• **Exercise goal**
Each line of the data below from the one holding "X \<and> \<not>" to the one holding "16 * b\<^sup>2", inclusive, is to be reproduced exactly; no other line belongs in the answer.

• **Input data**
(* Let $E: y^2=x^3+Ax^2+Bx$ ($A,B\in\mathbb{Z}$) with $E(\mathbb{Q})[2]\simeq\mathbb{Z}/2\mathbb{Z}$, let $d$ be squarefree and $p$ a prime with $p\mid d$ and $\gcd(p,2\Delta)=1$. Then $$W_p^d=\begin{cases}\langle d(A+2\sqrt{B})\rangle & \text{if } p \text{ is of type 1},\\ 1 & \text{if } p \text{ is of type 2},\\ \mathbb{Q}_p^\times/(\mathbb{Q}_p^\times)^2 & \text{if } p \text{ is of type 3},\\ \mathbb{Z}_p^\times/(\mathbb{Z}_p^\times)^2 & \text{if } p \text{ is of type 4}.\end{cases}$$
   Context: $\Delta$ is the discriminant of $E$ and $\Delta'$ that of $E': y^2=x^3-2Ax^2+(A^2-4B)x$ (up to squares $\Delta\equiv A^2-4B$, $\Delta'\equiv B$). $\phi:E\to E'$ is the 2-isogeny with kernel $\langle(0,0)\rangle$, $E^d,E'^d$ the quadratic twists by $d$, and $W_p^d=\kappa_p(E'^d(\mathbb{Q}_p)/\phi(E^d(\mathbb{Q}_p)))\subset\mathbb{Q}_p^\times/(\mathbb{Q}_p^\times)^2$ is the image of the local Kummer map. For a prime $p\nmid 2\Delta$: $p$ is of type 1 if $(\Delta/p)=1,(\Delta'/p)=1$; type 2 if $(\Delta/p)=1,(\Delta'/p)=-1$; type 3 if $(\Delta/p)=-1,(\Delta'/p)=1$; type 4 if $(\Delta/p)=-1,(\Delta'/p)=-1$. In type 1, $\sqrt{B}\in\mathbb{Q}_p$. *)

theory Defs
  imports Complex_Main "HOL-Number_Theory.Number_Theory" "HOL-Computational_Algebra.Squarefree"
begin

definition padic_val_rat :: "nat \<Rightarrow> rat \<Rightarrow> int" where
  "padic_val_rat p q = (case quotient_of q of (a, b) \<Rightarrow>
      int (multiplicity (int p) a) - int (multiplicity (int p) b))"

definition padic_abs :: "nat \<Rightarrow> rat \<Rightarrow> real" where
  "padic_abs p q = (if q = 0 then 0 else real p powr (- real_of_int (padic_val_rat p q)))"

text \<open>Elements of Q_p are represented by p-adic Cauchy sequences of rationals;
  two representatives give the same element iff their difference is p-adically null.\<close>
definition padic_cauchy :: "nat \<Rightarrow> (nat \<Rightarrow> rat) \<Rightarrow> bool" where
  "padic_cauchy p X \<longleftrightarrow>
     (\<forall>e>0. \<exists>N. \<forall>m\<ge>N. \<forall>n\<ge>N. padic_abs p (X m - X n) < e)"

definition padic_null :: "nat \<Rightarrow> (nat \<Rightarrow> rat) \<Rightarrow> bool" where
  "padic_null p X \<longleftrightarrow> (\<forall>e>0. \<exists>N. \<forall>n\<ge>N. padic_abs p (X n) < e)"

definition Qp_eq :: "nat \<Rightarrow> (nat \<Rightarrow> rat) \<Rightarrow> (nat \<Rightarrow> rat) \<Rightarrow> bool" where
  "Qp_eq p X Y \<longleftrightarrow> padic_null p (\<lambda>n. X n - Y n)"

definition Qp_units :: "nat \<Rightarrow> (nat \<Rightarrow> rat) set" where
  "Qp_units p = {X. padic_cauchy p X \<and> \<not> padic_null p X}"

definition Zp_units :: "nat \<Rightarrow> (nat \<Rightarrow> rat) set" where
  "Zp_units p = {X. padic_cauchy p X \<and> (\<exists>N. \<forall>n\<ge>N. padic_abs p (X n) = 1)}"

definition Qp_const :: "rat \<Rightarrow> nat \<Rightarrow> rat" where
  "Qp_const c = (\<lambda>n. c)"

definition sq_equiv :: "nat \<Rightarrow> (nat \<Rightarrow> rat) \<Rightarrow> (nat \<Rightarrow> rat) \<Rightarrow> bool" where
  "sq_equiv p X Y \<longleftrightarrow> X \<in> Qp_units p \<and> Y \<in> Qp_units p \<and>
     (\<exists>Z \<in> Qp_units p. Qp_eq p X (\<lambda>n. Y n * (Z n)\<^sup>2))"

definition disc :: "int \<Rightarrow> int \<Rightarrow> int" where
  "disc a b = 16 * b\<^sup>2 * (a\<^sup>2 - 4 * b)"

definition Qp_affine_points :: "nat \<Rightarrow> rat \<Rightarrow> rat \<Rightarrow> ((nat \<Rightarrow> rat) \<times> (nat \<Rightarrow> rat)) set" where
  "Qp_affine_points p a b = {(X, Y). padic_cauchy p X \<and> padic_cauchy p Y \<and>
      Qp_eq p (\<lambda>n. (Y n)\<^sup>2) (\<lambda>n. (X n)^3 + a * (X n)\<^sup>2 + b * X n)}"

• **Exercise result**
  "Qp_units p = {X. padic_cauchy p X \<and> \<not> padic_null p X}"

definition Zp_units :: "nat \<Rightarrow> (nat \<Rightarrow> rat) set" where
  "Zp_units p = {X. padic_cauchy p X \<and> (\<exists>N. \<forall>n\<ge>N. padic_abs p (X n) = 1)}"

definition Qp_const :: "rat \<Rightarrow> nat \<Rightarrow> rat" where
  "Qp_const c = (\<lambda>n. c)"

definition sq_equiv :: "nat \<Rightarrow> (nat \<Rightarrow> rat) \<Rightarrow> (nat \<Rightarrow> rat) \<Rightarrow> bool" where
  "sq_equiv p X Y \<longleftrightarrow> X \<in> Qp_units p \<and> Y \<in> Qp_units p \<and>
     (\<exists>Z \<in> Qp_units p. Qp_eq p X (\<lambda>n. Y n * (Z n)\<^sup>2))"

definition disc :: "int \<Rightarrow> int \<Rightarrow> int" where
  "disc a b = 16 * b\<^sup>2 * (a\<^sup>2 - 4 * b)"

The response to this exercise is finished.